So, for mergekit-moe, if we use 'hidden' gate method, we have to provide at least one positive prompt for each expert. How those hidden states can make the right routing dicision? Can you provide some explanations for it.

ZeyuTeng96 avatar Jan 17 '24 08:01 ZeyuTeng96

Another question we cannot guarantee all experts have similar hidden state result as the base model. How come the base model's hidden states can be used for gate routing?

ZeyuTeng96 avatar Jan 17 '24 08:01 ZeyuTeng96

The way the positive/negative prompts are used is pretty simple. Routing in Mixtral assigns scores to each expert with a single matrix multiplication, essentially doing a dot product of a vector with the model's hidden state for each expert (for each layer) and using the two with the largest values.

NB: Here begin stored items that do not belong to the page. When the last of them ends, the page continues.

lemma superlinear_product_dominated:
  assumes qy: "quasi_young_fun \<Phi>" and C: "C1 \<ge> 0" "C2 \<ge> 0"
    and mult: "\<forall>x\<ge>0. \<forall>y\<ge>0. \<Phi> (x * y) \<le> ereal C1 * ereal x * \<Phi> y + ereal C2 * \<Phi> x * ereal y"
    and lim: "((\<lambda>t. \<Phi> t / ereal t) \<longlongrightarrow> \<infinity>) at_top"
  obtains E where "E > 0" "product_dominated \<Phi> (C1 + C2 + 1) E"
proof -
  obtain c where c: "\<And>t. 0 \<le> t \<Longrightarrow> ereal c \<le> \<Phi> t"
    using quasi_young_fun_bounded_below[OF qy] by blast
  obtain T where T: "T \<ge> 0" "\<And>x a. 0 \<le> x \<Longrightarrow> \<Phi> x = ereal a \<Longrightarrow> x \<le> max 0 a + T"
    using superlinear_le_pos_part[OF lim] by blast
  define E where "E = T + \<bar>c\<bar> + 1"
  have "product_dominated \<Phi> (C1 + C2 + 1) E"
    unfolding product_dominated_def
  proof (intro allI impI)
    fix x y :: real assume xy: "0 \<le> x" "0 \<le> y"
    show "e2ennreal (\<Phi> (x * y)) \<le> ennreal (C1 + C2 + 1) * (e2ennreal (\<Phi> x) + ennreal E) * (e2ennreal (\<Phi> y) + ennreal E)"
    proof (rule e2ennreal_le_shifted_product)
      show "\<Phi> x \<noteq> -\<infinity>" "\<Phi> y \<noteq> -\<infinity>"
        using c[OF xy(1)] c[OF xy(2)] by auto
      show "0 < C1 + C2 + 1" "0 < E" using C T by (auto simp: E_def)
      fix a b assume ab: "\<Phi> x = ereal a" "\<Phi> y = ereal b"
      define A B where "A = max 0 a + E" and "B = max 0 b + E"
      have "x \<le> A" "y \<le> B" "a \<le> A" "b \<le> B" "0 \<le> A" "0 \<le> B"
        using T(2)[OF xy(1) ab(1)] T(2)[OF xy(2) ab(2)] T(1) by (auto simp: A_def B_def E_def)
      then have "C1 * (x * b) \<le> C1 * (A * B)" "C2 * (y * a) \<le> C2 * (B * A)"
        using xy C by (simp_all add: mult_left_mono mult_le_mult_of_nonneg_left)
      then have "C1 * x * b + C2 * a * y \<le> (C1 + C2 + 1) * A * B"
        using mult_nonneg_nonneg[OF \<open>0 \<le> A\<close> \<open>0 \<le> B\<close>] by (simp add: algebra_simps)
      moreover have "\<Phi> (x * y) \<le> ereal (C1 * x * b + C2 * a * y)"
        using mult[rule_format, OF xy] ab by simp
      ultimately show "\<Phi> (x * y) \<le> ereal ((C1 + C2 + 1) * (max 0 a + E) * (max 0 b + E))"
        unfolding A_def B_def by (simp add: order_trans)
    qed
  qed
  moreover have "E > 0" using T by (simp add: E_def)
  ultimately show ?thesis using that by blast
qed

lemma product_dominated_scaled:
  assumes qy: "quasi_young_fun \<Phi>" and dom: "product_dominated \<Phi> D E"
    and s: "0 \<le> s" "s \<le> 1" and ab: "0 \<le> a" "0 \<le> b"
  shows "e2ennreal (\<Phi> (s * (a * b)))
    \<le> ennreal s * (ennreal D * (e2ennreal (\<Phi> a) + ennreal E) * (e2ennreal (\<Phi> b) + ennreal E))"
proof -
  have "e2ennreal (\<Phi> (s * (a * b))) \<le> ennreal s * e2ennreal (\<Phi> (a * b))"
    using s ab by (intro quasi_young_fun_scale_pos_part[OF qy]) auto
  also have "\<dots> \<le> ennreal s * (ennreal D * (e2ennreal (\<Phi> a) + ennreal E) * (e2ennreal (\<Phi> b) + ennreal E))"
    using dom ab unfolding product_dominated_def by (intro mult_left_mono) auto
  finally show ?thesis .
qed

subsection \<open>Lebesgue measure on products\<close>

lemma borel_measurable_lebesgue_compose:
  fixes f :: "'a::euclidean_space \<Rightarrow> real" and h :: "'b::euclidean_space \<Rightarrow> 'a"
  assumes f: "f \<in> borel_measurable lebesgue" and h: "h \<in> lborel \<rightarrow>\<^sub>M lborel"
    and null: "\<And>N. N \<in> null_sets lborel \<Longrightarrow> h -` N \<in> null_sets lborel"
  shows "(\<lambda>z. f (h z)) \<in> borel_measurable lebesgue"
proof -
  obtain g where g: "g \<in> borel_measurable lborel" "AE x in lborel. f x = g x"
    using completion_ex_borel_measurable_real[OF f] by blast
  obtain N where N: "N \<in> null_sets lborel" "{x \<in> space lborel. f x \<noteq> g x} \<subseteq> N"
    using g(2) unfolding eventually_ae_filter by blast
  have "AE z in lborel. g (h z) = f (h z)"
    by (rule AE_I'[OF null[OF N(1)]]) (use N(2) in force)
  then have "AE z in lebesgue. g (h z) = f (h z)"
    by (rule AE_completion)
  moreover have "(\<lambda>z. g (h z)) \<in> borel_measurable lebesgue"
    using measurable_compose[OF h g(1)] by (rule measurable_completion)
  ultimately show ?thesis
    by (rule borel_measurable_AE[rotated])
qed

lemma borel_measurable_lebesgue_fst:
  fixes f :: "'a::euclidean_space \<Rightarrow> real"
  assumes "f \<in> borel_measurable lebesgue"
  shows "(\<lambda>z. f (fst z)) \<in> borel_measurable (lebesgue :: ('a \<times> 'b::euclidean_space) measure)"
proof (rule borel_measurable_lebesgue_compose[OF assms])
  show "fst \<in> (lborel :: ('a \<times> 'b) measure) \<rightarrow>\<^sub>M lborel"
    using measurable_fst[of lborel lborel] by (simp add: lborel_prod)
  fix N :: "'a set" assume "N \<in> null_sets lborel"
  then have "N \<times> UNIV \<in> null_sets (lborel \<Otimes>\<^sub>M (lborel :: 'b measure))"
    by (intro lborel.times_in_null_sets1) auto
  then show "fst -` N \<in> null_sets (lborel :: ('a \<times> 'b) measure)"
    by (simp add: lborel_prod vimage_fst)
qed

lemma borel_measurable_lebesgue_snd:
  fixes f :: "'b::euclidean_space \<Rightarrow> real"
  assumes "f \<in> borel_measurable lebesgue"
  shows "(\<lambda>z. f (snd z)) \<in> borel_measurable (lebesgue :: ('a::euclidean_space \<times> 'b) measure)"
proof (rule borel_measurable_lebesgue_compose[OF assms])
  show "snd \<in> (lborel :: ('a \<times> 'b) measure) \<rightarrow>\<^sub>M lborel"
    using measurable_snd[of lborel lborel] by (simp add: lborel_prod)
  fix N :: "'b set" assume "N \<in> null_sets lborel"
  then have "UNIV \<times> N \<in> null_sets ((lborel :: 'a measure) \<Otimes>\<^sub>M lborel)"
    by (intro lborel.times_in_null_sets2) auto
  then show "snd -` N \<in> null_sets (lborel :: ('a \<times> 'b) measure)"
    by (simp add: lborel_prod vimage_snd)
qed

lemma borel_measurable_lebesgue_tensor:
  fixes f :: "'a::euclidean_space \<Rightarrow> real" and g :: "'b::euclidean_space \<Rightarrow> real"
  assumes "f \<in> borel_measurable lebesgue" "g \<in> borel_measurable lebesgue"
  shows "tensor f g \<in> borel_measurable lebesgue"
proof -
  have "(\<lambda>z. f (fst z) * g (snd z)) \<in> borel_measurable (lebesgue :: ('a \<times> 'b) measure)"
    using borel_measurable_lebesgue_fst[OF assms(1)] borel_measurable_lebesgue_snd[OF assms(2)]
    by (rule borel_measurable_times)
  then show ?thesis
    by (simp add: tensor_def case_prod_beta')
qed

lemma sets_lebesgue_Times:
  fixes A :: "'a::euclidean_space set" and B :: "'b::euclidean_space set"
  assumes "A \<in> sets lebesgue" "B \<in> sets lebesgue"
  shows "A \<times> B \<in> sets lebesgue"
proof -
  have "tensor (indicator A) (indicator B) = (indicator (A \<times> B) :: _ \<Rightarrow> real)"
    by (auto simp: tensor_def indicator_def fun_eq_iff)
  then have "(indicator (A \<times> B) :: _ \<Rightarrow> real) \<in> borel_measurable lebesgue"
    using borel_measurable_lebesgue_tensor[of "indicator A" "indicator B"] assms by simp
  then show ?thesis
    by (subst (asm) borel_measurable_indicator_iff) simp
qed

lemma borel_measurable_lebesgue_on_tensor:
  fixes \<mu>1 :: "'a::euclidean_space \<Rightarrow> real" and \<mu>2 :: "'b::euclidean_space \<Rightarrow> real"
  assumes \<Omega>: "\<Omega>1 \<in> sets lebesgue" "\<Omega>2 \<in> sets lebesgue"
    and \<mu>: "\<mu>1 \<in> borel_measurable (lebesgue_on \<Omega>1)" "\<mu>2 \<in> borel_measurable (lebesgue_on \<Omega>2)"
  shows "tensor \<mu>1 \<mu>2 \<in> borel_measurable (lebesgue_on (\<Omega>1 \<times> \<Omega>2))"
proof (rule borel_measurable_if_D)
  have "tensor (\<lambda>x. if x \<in> \<Omega>1 then \<mu>1 x else 0) (\<lambda>x. if x \<in> \<Omega>2 then \<mu>2 x else 0)
      \<in> borel_measurable lebesgue"
    using \<Omega> \<mu> by (intro borel_measurable_lebesgue_tensor borel_measurable_if_I)
  also have "tensor (\<lambda>x. if x \<in> \<Omega>1 then \<mu>1 x else 0) (\<lambda>x. if x \<in> \<Omega>2 then \<mu>2 x else 0)
      = (\<lambda>z. if z \<in> \<Omega>1 \<times> \<Omega>2 then tensor \<mu>1 \<mu>2 z else 0)"
    by (auto simp: tensor_def fun_eq_iff)
  finally show "(\<lambda>z. if z \<in> \<Omega>1 \<times> \<Omega>2 then tensor \<mu>1 \<mu>2 z else 0) \<in> borel_measurable lebesgue" .
qed

lemma (in pair_sigma_finite) nn_integral_fst_snd_mult:
  assumes "f \<in> borel_measurable M1" "g \<in> borel_measurable M2"
  shows "(\<integral>\<^sup>+z. f (fst z) * g (snd z) \<partial>(M1 \<Otimes>\<^sub>M M2)) = integral\<^sup>N M1 f * integral\<^sup>N M2 g"
proof -
  have "(\<integral>\<^sup>+z. f (fst z) * g (snd z) \<partial>(M1 \<Otimes>\<^sub>M M2)) = (\<integral>\<^sup>+x. \<integral>\<^sup>+y. f x * g y \<partial>M2 \<partial>M1)"
    using M2.nn_integral_fst[of "\<lambda>z. f (fst z) * g (snd z)"] assms by simp
  also have "\<dots> = (\<integral>\<^sup>+x. f x * integral\<^sup>N M2 g \<partial>M1)"
    using assms(2) by (simp add: nn_integral_cmult)
  also have "\<dots> = integral\<^sup>N M1 f * integral\<^sup>N M2 g"
    using assms(1) by (simp add: nn_integral_multc)
  finally show ?thesis .
qed

lemma completion_ex_borel_majorant:
  fixes f :: "'a \<Rightarrow> ennreal"
  assumes "f \<in> borel_measurable (completion M)"
  obtains g where "g \<in> borel_measurable M" "\<And>x. x \<in> space M \<Longrightarrow> f x \<le> g x"
    "integral\<^sup>N M g = integral\<^sup>N (completion M) f"
proof -
  obtain g' where g': "g' \<in> borel_measurable M" "AE x in M. f x = g' x"
    using completion_ex_borel_measurable[OF assms] by blast
  obtain N where N: "N \<in> null_sets M" "{x \<in> space M. f x \<noteq> g' x} \<subseteq> N"
    using g'(2) unfolding eventually_ae_filter by blast
  define g where "g x = (if x \<in> N then \<infinity> else g' x)" for x
  have [measurable]: "N \<in> sets M"
    using N(1) by auto
  have "g \<in> borel_measurable M"
    unfolding g_def using g'(1) by measurable
  moreover have "f x \<le> g x" if "x \<in> space M" for x
    using N(2) that by (auto simp: g_def)
  moreover have "AE x in M. g x = f x"
    using AE_not_in[OF N(1)] g'(2) by eventually_elim (auto simp: g_def)
  then have "integral\<^sup>N M g = integral\<^sup>N (completion M) f"
    by (simp add: nn_integral_completion nn_integral_cong_AE)
  ultimately show ?thesis using that by blast
qed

The script aims to come up with vectors that have maximal dot products with the hidden states associated with your positive prompts.

The way it actually does this is embarrassingly simple - it just averages the hidden states for all positive prompts given (minus the hidden states for the negative prompts).

As for why the base model's hidden states can be used for gate routing? In part because the embedding, LM head, and all self-attention parameters come from the base model, I made the assumption that the latent space of the base model would be a good approximation of the latent space of the final model. This obviously isn't perfect. Given how compatible the latent spaces of fine tunes of a common base tend to be, though (see the script mergekit-layershuffle for a fun party trick), it's a decent assumption in practice. You could probably do something iterative to get a better approximation but that seems like overkill.

Hope this helps!

cg123 avatar Jan 25 '24 05:01 cg123